13 Bridges, Holes, the Small World Problem, and Simulation

Following our discussion, this week’s lab will focus on connectivity, bridging ties, wormholes, structural holes, and the small world problem. First, we will replicate Watts and Strogatz’s small world simulation. We will then analyze simulated small world graphs using igraph’s functions for measuring connectivity and constraint, and identifying bridging ties and articulation points (nodes whose removal would reduce the connectivity of a graph). We will conclude by looking at a couple of other simulations available in igraph.

13.1 It’s a small world after all.

Real-world social networks tend to be small worlds. In a small world, people are clustered in groups, but despite this, are still, on average, socially proximate. For example, you might think that you are socially (and spatially) distant from a random villager in India, but find that through a series of steps, you could reach that villager. The villager lives in her own small world and you live in yours, and yet you are mutually reachable. This is referred to as “the Small-World Phenomenon”.

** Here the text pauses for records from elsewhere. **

(* Let $m\ge 2$. Consider the operators $\underline{D}$ and $-\frac{1}{r}\,\partial_{\underline{\omega}}+(m-1)\frac{1}{r}\,\underline{\omega}$ acting (by left action) on smooth $\mathbb{R}_{0,m}$-valued functions on $\mathbb{R}^m\setminus\{0\}$. Both operators are cartesian operators, i.e. each of them can be expressed using only the cartesian partial derivatives $\partial_{x_1},\dots,\partial_{x_m}$ together with (left) multiplication and division by analytic (polynomial) functions of $\underline{x}$.
   Context: $\mathbb{R}_{0,m}$ is the real Clifford algebra generated by an orthonormal basis $e_1,\dots,e_m$ of $\mathbb{R}^m$ with $e_j^2=-1$ and $e_ie_j=-e_je_i$ for $i\ne j$. A point of $\mathbb{R}^m$ is identified with the 1-vector $\underline{x}=\sum_j e_jx_j$, so $\underline{x}^2=-|\underline{x}|^2$; $r=|\underline{x}|$ and $\underline{\omega}=\underline{x}/r\in S^{m-1}$. Division by $\underline{x}$ means left multiplication by $\frac{1}{\underline{x}}=-\underline{x}/|\underline{x}|^2$. The Dirac operator is $\underline{\partial}=\sum_j e_j\partial_{x_j}$; in spherical coordinates $\underline{\partial}=\underline{\omega}\,\partial_r+\frac{1}{r}\partial_{\underline{\omega}}$, which defines the angular Dirac operator $\partial_{\underline{\omega}}:=r(\underline{\partial}-\underline{\omega}\,\partial_r)$. The signum-Dirac operator is $\underline{D}f:=\underline{\omega}\,\underline{\partial}(-\underline{\omega}\,f)$. The Euler operator is $\mathbb{E}=\sum_j x_j\partial_{x_j}$ and the angular momentum operator is $\Gamma=-\sum_{j<k}e_je_k(x_j\partial_{x_k}-x_k\partial_{x_j})$. An operator is called cartesian if it involves only partial derivatives with respect to the cartesian coordinates and multiplication and division by analytic functions. *)

theory Defs
  imports "HOL-Analysis.Analysis"
begin

text \<open>The dimension m is CARD('m) for a finite linearly ordered index type 'm
  (the order fixes the ordering of the basis e_1,...,e_m). A multivector is
  given by its coefficients on the basis blades e_A, A a subset of the index set.\<close>

type_synonym 'm clv = "'m set \<Rightarrow> real"
type_synonym 'm clf = "(real, 'm) vec \<Rightarrow> 'm clv"

definition cl_zero :: "'m clv" where "cl_zero = (\<lambda>A. 0)"
definition cl_scalar :: "real \<Rightarrow> 'm clv" where "cl_scalar c = (\<lambda>A. if A = {} then c else 0)"
definition cl_one :: "'m clv" where "cl_one = cl_scalar 1"
definition cl_add :: "'m clv \<Rightarrow> 'm clv \<Rightarrow> 'm clv" where "cl_add u v = (\<lambda>A. u A + v A)"
definition cl_scale :: "real \<Rightarrow> 'm clv \<Rightarrow> 'm clv" where "cl_scale c u = (\<lambda>A. c * u A)"
definition cl_neg :: "'m clv \<Rightarrow> 'm clv" where "cl_neg u = cl_scale (-1) u"
definition cl_sub :: "'m clv \<Rightarrow> 'm clv \<Rightarrow> 'm clv" where "cl_sub u v = cl_add u (cl_neg v)"

text \<open>Sign of the blade product e_A e_B = cl_sign A B e_(A symdiff B), with e_j^2 = -1.\<close>
definition cl_sign :: "'m::{finite,linorder} set \<Rightarrow> 'm set \<Rightarrow> real" where
  "cl_sign A B = (-1) ^ (card {(a, b). a \<in> A \<and> b \<in> B \<and> b < a} + card (A \<inter> B))"

definition cl_mul :: "'m::{finite,linorder} clv \<Rightarrow> 'm clv \<Rightarrow> 'm clv" where
  "cl_mul u v = (\<lambda>C. \<Sum>A\<in>UNIV. \<Sum>B\<in>UNIV.
       if (A - B) \<union> (B - A) = C then cl_sign A B * u A * v B else 0)"

definition cl_basis :: "'m \<Rightarrow> 'm clv" where "cl_basis j = (\<lambda>A. if A = {j} then 1 else 0)"

text \<open>Identification of a point x of R^m with the 1-vector sum_j e_j x_j.\<close>
definition cl_vec :: "(real, 'm::finite) vec \<Rightarrow> 'm clv" where
  "cl_vec x = (\<lambda>A. \<Sum>j\<in>UNIV. if A = {j} then x $ j else 0)"

definition cl_invertible :: "'m::{finite,linorder} clv \<Rightarrow> bool" where
  "cl_invertible u \<longleftrightarrow> (\<exists>v. cl_mul v u = cl_one \<and> cl_mul u v = cl_one)"

definition cl_inverse :: "'m::{finite,linorder} clv \<Rightarrow> 'm clv" where
  "cl_inverse u = (SOME v. cl_mul v u = cl_one \<and> cl_mul u v = cl_one)"

definition pd :: "'m::finite \<Rightarrow> ((real, 'm) vec \<Rightarrow> real) \<Rightarrow> (real, 'm) vec \<Rightarrow> real" where
  "pd j g x = deriv (\<lambda>t. g (x + t *\<^sub>R axis j 1)) 0"

fun iter_pd :: "'m::finite list \<Rightarrow> ((real, 'm) vec \<Rightarrow> real) \<Rightarrow> (real, 'm) vec \<Rightarrow> real" where
  "iter_pd [] g = g"
| "iter_pd (j # js) g = pd j (iter_pd js g)"

definition smooth_real :: "((real, 'm::finite) vec \<Rightarrow> real) \<Rightarrow> bool" where
  "smooth_real g \<longleftrightarrow> (\<forall>js. continuous_on (- {0}) (iter_pd js g) \<and>
     (\<forall>j. \<forall>x. x \<noteq> 0 \<longrightarrow> (\<lambda>t. iter_pd js g (x + t *\<^sub>R axis j 1)) differentiable (at 0)))"

definition cl_smooth :: "'m::finite clf \<Rightarrow> bool" where
  "cl_smooth f \<longleftrightarrow> (\<forall>A. smooth_real (\<lambda>x. f x A))"

definition pdc :: "'m::finite \<Rightarrow> 'm clf \<Rightarrow> 'm clf" where
  "pdc j f x = (\<lambda>A. pd j (\<lambda>y. f y A) x)"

Duncan Watts in his landmark paper explains this phenomenon. He begins with most clustered (and yet connected graph) imaginable - a “caveman” structure. There are groups of people clustered together and connected by only one or two connections to other groups.

Sadly, igraph doesn’t have a function for simulating caveman structures, so we will make use of one I wrote. In this caveman structure, all of the groups will be the same size, so the number of people must be evenly divisible by the size of groups. The basic idea is to generate a bunch of fully connected groups and then connect them by an edge or two so that they are arrayed around a circle.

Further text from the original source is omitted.